## INFORMATION
(* Let $(\pi_r)_{r\in\mathbb{N}}$ be periods, let $(K_t)_{t\in\mathbb{N}}$ be the multiperiodic process with periods $(\pi_r)$, and let $W_r:=\inf\{t\in\mathbb{N}:K_t=r\}$. If $r\in\mathbb{N}$ is such that $\pi_i\ge2$ for all $1\le i\le r-1$, then (for every realization of the seeds) $$W_r\le \bar w_r:=\left(\cdots\left(\left(\pi_r\cdot\frac{\pi_{r-1}}{\pi_{r-1}-1}+1\right)\frac{\pi_{r-2}}{\pi_{r-2}-1}+1\right)\cdots\frac{\pi_1}{\pi_1-1}+1\right),$$ i.e. $\bar w_r=v_1$ where $v_r:=\pi_r$ and $v_i:=v_{i+1}\,\pi_i/(\pi_i-1)+1$ for $i=r-1,\dots,1$.
   Context: $\mathbb{N}=\{1,2,3,\dots\}$. Multiperiodic sequence with periods $\pi_r\in\mathbb{N}$ and seeds $\sigma_r\in\{1,\dots,\pi_r\}$: the sequence $(k_t)_{t\in\mathbb{N}}$ with values in $\mathbb{N}\cup\{\infty\}$ such that for each $r$, the subsequence obtained from $(k_t)$ by deleting all tokens $k_t<r$, denoted $(k^{(r)}_t)_{t\in\mathbb{N}}$, satisfies $k^{(r)}_t=r\iff t\equiv\sigma_r\pmod{\pi_r}$; entries left undefined for all $r$ are set to $\infty$. Equivalently: clocks $\phi_r$ start at $\sigma_r$; for each token, scan $r=1,2,\dots$, decrementing each clock with $\phi_r>1$, until the first $r$ with $\phi_r=1$, output that $r$ and reset $\phi_r=\pi_r$. The multiperiodic process with periods $(\pi_r)$ is the random multiperiodic sequence with these periods and independent random seeds $\Sigma_r$ uniformly distributed on $\{1,\dots,\pi_r\}$. *)

theory Defs
  imports Complex_Main "HOL-Library.Extended_Nat"
begin

text \<open>Clock formulation of a multiperiodic sequence. Periods \<open>\<pi> r\<close> and clocks
  \<open>\<phi> r\<close> are indexed by \<open>r \<ge> 1\<close>; values at index 0 are irrelevant.\<close>

definition mp_step :: "(nat \<Rightarrow> nat) \<Rightarrow> (nat \<Rightarrow> nat) \<Rightarrow> enat \<times> (nat \<Rightarrow> nat)" where
  "mp_step \<pi> \<phi> =
     (if \<exists>r\<ge>1. \<phi> r = 1 then
        (let k = (LEAST r. 1 \<le> r \<and> \<phi> r = 1) in
          (enat k, \<lambda>r. if 1 \<le> r \<and> r < k then (if \<phi> r > 1 then \<phi> r - 1 else \<phi> r)
                      else if r = k then \<pi> r else \<phi> r))
      else
        (\<infinity>, \<lambda>r. if 1 \<le> r \<and> \<phi> r > 1 then \<phi> r - 1 else \<phi> r))"

primrec mp_state :: "(nat \<Rightarrow> nat) \<Rightarrow> (nat \<Rightarrow> nat) \<Rightarrow> nat \<Rightarrow> (nat \<Rightarrow> nat)" where
  "mp_state \<pi> \<sigma> 0 = \<sigma>"
| "mp_state \<pi> \<sigma> (Suc n) = snd (mp_step \<pi> (mp_state \<pi> \<sigma> n))"
lemma Omega1_term_sums:
  assumes "\<zeta> > 0"
  shows "Omega1_term \<zeta> y sums
    (sqrt 2 * Gamma ((\<zeta>+1)/4) / sqrt pi * hyp1F2 ((\<zeta>+1)/4) (3/4) (5/4) (y^4 / 4)
     + 2 * sqrt 2 * Gamma ((\<zeta>+2)/4) / Gamma (1/4) * y * hyp1F2 ((\<zeta>+2)/4) (5/4) (3/2) (y^4 / 4))"
    (is "_ sums (?A + ?B)")
proof -
  have "Omega1_term \<zeta> y sums (\<Sum>j<(4::nat). if j = 0 then ?A else if j = 1 then ?B else 0)"
  proof (rule sums_residue_classes)
    fix j :: nat
    assume "j < 4"
    then consider "j = 0" | "j = 1" | "j = 2" | "j = 3" by linarith
    then show "(\<lambda>k. Omega1_term \<zeta> y (4 * k + j)) sums (if j = 0 then ?A else if j = 1 then ?B else 0)"
    proof cases
      case 1
      have "(\<lambda>k. sqrt 2 * Gamma ((\<zeta>+1)/4) / sqrt pi *
          (hyp1F2_coeff ((\<zeta>+1)/4) (3/4) (5/4) k * (y^4 / 4) ^ k)) sums ?A"
        using assms by (intro sums_mult hyp1F2_sums) simp_all
      then show ?thesis
        using 1 by (simp only: Omega1_term_4k[OF assms] add_0_right) simp
    next
      case 2
      have "(\<lambda>k. 2 * sqrt 2 * Gamma ((\<zeta>+2)/4) / Gamma (1/4) * y *
          (hyp1F2_coeff ((\<zeta>+2)/4) (5/4) (3/2) k * (y^4 / 4) ^ k)) sums ?B"
        using assms by (intro sums_mult hyp1F2_sums) simp_all
      then show ?thesis
        using 2 by (simp only: Omega1_term_4k_1[OF assms]) simp
    qed (simp_all only: Omega1_term_def s_coef_add_4k s_coef_values, simp_all)
  qed simp
  then show ?thesis
    by (simp add: numeral_eq_Suc)
qed
(* Let $S$ be a rectangular domain, $\bar\eta$ a flow field on $\mathbb{E}(\bar S)$, and $\ell,\ell'\subseteq\bar S$ broken traces with $w_\eta(\ell)>0$ and $w_\eta(\ell')>0$. Then $\ell\succeq\ell'$ or $\ell'\succeq\ell$.
   Context: Lattice and edges. $\tilde{\mathbb{Z}}^2=\{(t,x)\in\mathbb{Z}^2:t+x\text{ even}\}$; edges $\langle y,y'\rangle$ join points at distance $\sqrt2$. For $y=(t,x)$: - $e^\nearrow_y=\langle(t,x),(t+1,x+1)\rangle$, - $e^\searrow_y=\langle(t,x),(t+1,x-1)\rangle$, - $e^\swarrow_y=\langle(t-1,x-1),(t,x)\rangle$, - $e^\nwarrow_y=\langle(t-1,x+1),(t,x)\rangle$. Domains. A rectangular domain is a nonempty set $S=\{(t,x)\in\tilde{\mathbb{Z}}^2: a\le t+x\le b,\ c\le t-x\le d\}$ with even integers $a\le b$, $c\le d$. $\bar S$ is $S$ together with all points joined by an edge to a point of $S$; $\partial\bar S=\bar S\setminus S$; $\mathbb{E}(\bar S)$ is the set of edges with at least one endpoint in $S$. Flow field. A flow field is $\eta(e)\ge0$, $e\in\mathbb{E}(\bar S)$, with $\eta(e^\nwarrow_y)+\eta(e^\nearrow_y)=\eta(e^\swarrow_y)+\eta(e^\searrow_y)$ for all $y\in S$; its birth field is $\xi_y=\eta(e^\nearrow_y)\wedge\eta(e^\searrow_y)$. Association. For $y\in S$, a lower edge $f_1\in\{e^\swarrow_y,e^\searrow_y\}$ with $p_1\in(0,\eta(f_1)]$, and an upper edge $f_2\in\{e^\nwarrow_y,e^\nearrow_y\}$ with $p_2\in(0,\eta(f_2)]$, write $(f_1,p_1)\sim_y(f_2,p_2)$ exactly when: - Case 1: $f_1=e^\swarrow_y$, $f_2=e^\nwarrow_y$, $p_1\le\eta(f_1)\wedge\eta(f_2)$, $p_2=p_1$; - Case 2: $f_1=e^\searrow_y$, $f_2=e^\nwarrow_y$, $p_2>\eta(e^\swarrow_y)$, $p_1=p_2-\eta(e^\swarrow_y)$; - Case 3: $f_1=e^\swarrow_y$, $f_2=e^\nearrow_y$, $p_1>\eta(e^\nwarrow_y)$, $p_2=p_1-\eta(e^\nwarrow_y)$; - Case 4: $f_1=e^\searrow_y$, $f_2=e^\nearrow_y$, $p_i>\eta(f_i)-\xi_y$ ($i=1,2$), $\eta(f_1)-p_1=\eta(f_2)-p_2$. Broken traces. A broken trace is $\ell=(y_0,e_1,y_1,\dots,e_n,y_n)$, $n\ge1$, with $y_i=(t_i,x_i)\in\tilde{\mathbb{Z}}^2$, $e_i=\langle y_{i-1},y_i\rangle$, $x_i=x_{i-1}+1$, $t_i-t_{i-1}\in\{-1,1\}$. - $D(\ell)=\{x_0,\dots,x_n\}$, and $t_\ell(x)$ is the $t$-coordinate of the vertex of $\ell$ at second coordinate $x$. - $\ell\subseteq\bar S$ means $y_0,y_n\in\bar S$, $y_1,\dots,y_{n-1}\in S$, all $e_i\in\mathbb{E}(\bar S)$. Weight. $w_\eta(\ell)$ is the Lebesgue measure of the set of $p_1\in(0,\eta(e_1)]$ for which there exist $p_i\in(0,\eta(e_i)]$ ($i=2,\dots,n$) with $(e_{i-1},p_{i-1})\sim_{y_{i-1}}(e_i,p_i)$ for all $i=2,\dots,n$. Order. $\ell\succeq\ell'$ means that $t_\ell(x)\ge t_{\ell'}(x)$ for all $x\in D(\ell)\cap D(\ell')$, and that $t_\ell(x)\ge t_{\ell'}(x')$ for some $x\in D(\ell)$, $x'\in D(\ell')$. *)

theory Defs
  imports "HOL-Analysis.Analysis"
begin

type_synonym pt = "int \<times> int"   (* (t, x) *)
type_synonym edge = "pt set"

definition lattice :: "pt set" where
  "lattice = {(t, x). even (t + x)}"

definition adjacent :: "pt \<Rightarrow> pt \<Rightarrow> bool" where
  "adjacent y y' \<longleftrightarrow> y \<in> lattice \<and> y' \<in> lattice \<and>
     \<bar>fst y - fst y'\<bar> = 1 \<and> \<bar>snd y - snd y'\<bar> = 1"

definition e_ne :: "pt \<Rightarrow> edge" where "e_ne y = {(fst y, snd y), (fst y + 1, snd y + 1)}"
definition e_se :: "pt \<Rightarrow> edge" where "e_se y = {(fst y, snd y), (fst y + 1, snd y - 1)}"
definition e_sw :: "pt \<Rightarrow> edge" where "e_sw y = {(fst y - 1, snd y - 1), (fst y, snd y)}"
definition e_nw :: "pt \<Rightarrow> edge" where "e_nw y = {(fst y - 1, snd y + 1), (fst y, snd y)}"

definition rect :: "int \<Rightarrow> int \<Rightarrow> int \<Rightarrow> int \<Rightarrow> pt set" where
  "rect a b c d = {(t, x). even (t + x) \<and> a \<le> t + x \<and> t + x \<le> b \<and> c \<le> t - x \<and> t - x \<le> d}"

definition closure_dom :: "pt set \<Rightarrow> pt set" where
  "closure_dom S = S \<union> {y'. \<exists>y\<in>S. adjacent y y'}"

definition edges_of :: "pt set \<Rightarrow> edge set" where
  "edges_of S = {e. \<exists>y y'. e = {y, y'} \<and> adjacent y y' \<and> (y \<in> S \<or> y' \<in> S)}"

definition flow_field :: "pt set \<Rightarrow> (edge \<Rightarrow> real) \<Rightarrow> bool" where
  "flow_field S \<eta> \<longleftrightarrow> (\<forall>e\<in>edges_of S. 0 \<le> \<eta> e) \<and>
     (\<forall>y\<in>S. \<eta> (e_nw y) + \<eta> (e_ne y) = \<eta> (e_sw y) + \<eta> (e_se y))"

definition birth :: "(edge \<Rightarrow> real) \<Rightarrow> pt \<Rightarrow> real" where
  "birth \<eta> y = min (\<eta> (e_ne y)) (\<eta> (e_se y))"

definition assoc :: "(edge \<Rightarrow> real) \<Rightarrow> pt \<Rightarrow> edge \<Rightarrow> real \<Rightarrow> edge \<Rightarrow> real \<Rightarrow> bool" where
  "assoc \<eta> y f1 p1 f2 p2 \<longleftrightarrow>
     f1 \<in> {e_sw y, e_se y} \<and> 0 < p1 \<and> p1 \<le> \<eta> f1 \<and>
     f2 \<in> {e_nw y, e_ne y} \<and> 0 < p2 \<and> p2 \<le> \<eta> f2 \<and>
     ((f1 = e_sw y \<and> f2 = e_nw y \<and> p1 \<le> min (\<eta> f1) (\<eta> f2) \<and> p2 = p1) \<or>
      (f1 = e_se y \<and> f2 = e_nw y \<and> p2 > \<eta> (e_sw y) \<and> p1 = p2 - \<eta> (e_sw y)) \<or>
      (f1 = e_sw y \<and> f2 = e_ne y \<and> p1 > \<eta> (e_nw y) \<and> p2 = p1 - \<eta> (e_nw y)) \<or>
      (f1 = e_se y \<and> f2 = e_ne y \<and> p1 > \<eta> f1 - birth \<eta> y \<and> p2 > \<eta> f2 - birth \<eta> y \<and>
         \<eta> f1 - p1 = \<eta> f2 - p2))"

text \<open>A broken trace is the list of its vertices y_0, ..., y_n (n >= 1);
  its edges are e_i = {y_(i-1), y_i}.\<close>
definition broken_trace :: "pt list \<Rightarrow> bool" where
  "broken_trace l \<longleftrightarrow> 2 \<le> length l \<and> set l \<subseteq> lattice \<and>
     (\<forall>i. i + 1 < length l \<longrightarrow> snd (l ! (i + 1)) = snd (l ! i) + 1 \<and>
                               \<bar>fst (l ! (i + 1)) - fst (l ! i)\<bar> = 1)"

definition tr_edge :: "pt list \<Rightarrow> nat \<Rightarrow> edge" where
  "tr_edge l i = {l ! (i - 1), l ! i}"

definition trace_in :: "pt list \<Rightarrow> pt set \<Rightarrow> bool" where
  "trace_in l S \<longleftrightarrow> hd l \<in> closure_dom S \<and> last l \<in> closure_dom S \<and>
     (\<forall>i. 0 < i \<and> i < length l - 1 \<longrightarrow> l ! i \<in> S) \<and>
     (\<forall>i\<in>{1..length l - 1}. tr_edge l i \<in> edges_of S)"

definition weight :: "(edge \<Rightarrow> real) \<Rightarrow> pt list \<Rightarrow> real" where
  "weight \<eta> l = measure lebesgue
     {q. 0 < q \<and> q \<le> \<eta> (tr_edge l 1) \<and>
         (\<exists>p :: nat \<Rightarrow> real. p 1 = q \<and>
            (\<forall>i\<in>{2..length l - 1}. 0 < p i \<and> p i \<le> \<eta> (tr_edge l i) \<and>
               assoc \<eta> (l ! (i - 1)) (tr_edge l (i - 1)) (p (i - 1)) (tr_edge l i) (p i)))}"

definition dom_tr :: "pt list \<Rightarrow> int set" where
  "dom_tr l = snd ` set l"

definition t_at :: "pt list \<Rightarrow> int \<Rightarrow> int" where
  "t_at l x = fst (l ! nat (x - snd (hd l)))"

definition trace_ge :: "pt list \<Rightarrow> pt list \<Rightarrow> bool" where
  "trace_ge l l' \<longleftrightarrow> (\<forall>x\<in>dom_tr l \<inter> dom_tr l'. t_at l x \<ge> t_at l' x) \<and>
     (\<exists>x\<in>dom_tr l. \<exists>x'\<in>dom_tr l'. t_at l x \<ge> t_at l' x')"

end

theory Submission
  imports Defs
begin

(*
  Every vertex y of the domain carries a "left" coordinate for
  the mass entering through its two lower edges (first e_sw, then e_se) and a
  "right" coordinate for the mass leaving through its two upper edges (first
  e_nw, then e_ne).  Conservation of flow makes both coordinates range over
  the same interval, and the association relation is exactly the statement
  that a point keeps its coordinate while passing through y (assoc_keeps_position).

  A broken trace of positive weight admits at least one choice of points
  p_1, p_2, ... on its edges that are successively associated; reading the
  trace as the graph of a function x |-> t(x) we call this data a strand.
  Two strands that are strictly ordered one way at x1 and the other way at
  x2 must meet along a segment [u, v], entering it from below (e_sw) resp.
  from above (e_se) and leaving it through e_ne resp. e_nw (discrete lemma
  first_crossing).  Coordinates along the shared segment preserve their
  order, so the strand entering through e_sw has the smaller coordinate on
  exit -- yet it leaves through e_ne, whose coordinates are the larger ones.
  Hence two strands never cross (strands_do_not_cross), and the theorem
  follows because two traces comparable in neither order do cross.
*)

section \<open>Coordinates of flow at a vertex\<close>

definition conserves :: "(edge \<Rightarrow> real) \<Rightarrow> pt \<Rightarrow> bool" where
  "conserves \<eta> y \<longleftrightarrow> \<eta> (e_nw y) + \<eta> (e_ne y) = \<eta> (e_sw y) + \<eta> (e_se y)"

## PROBLEM TO WORK ON
From the data above, show each line that contains "through".

## YOUR SOLUTION
  the mass entering through its two lower edges (first e_sw, then e_se) and a
  "right" coordinate for the mass leaving through its two upper edges (first
  that a point keeps its coordinate while passing through y (assoc_keeps_position).
  from above (e_se) and leaving it through e_ne resp. e_nw (discrete lemma
  order, so the strand entering through e_sw has the smaller coordinate on
  exit -- yet it leaves through e_ne, whose coordinates are the larger ones.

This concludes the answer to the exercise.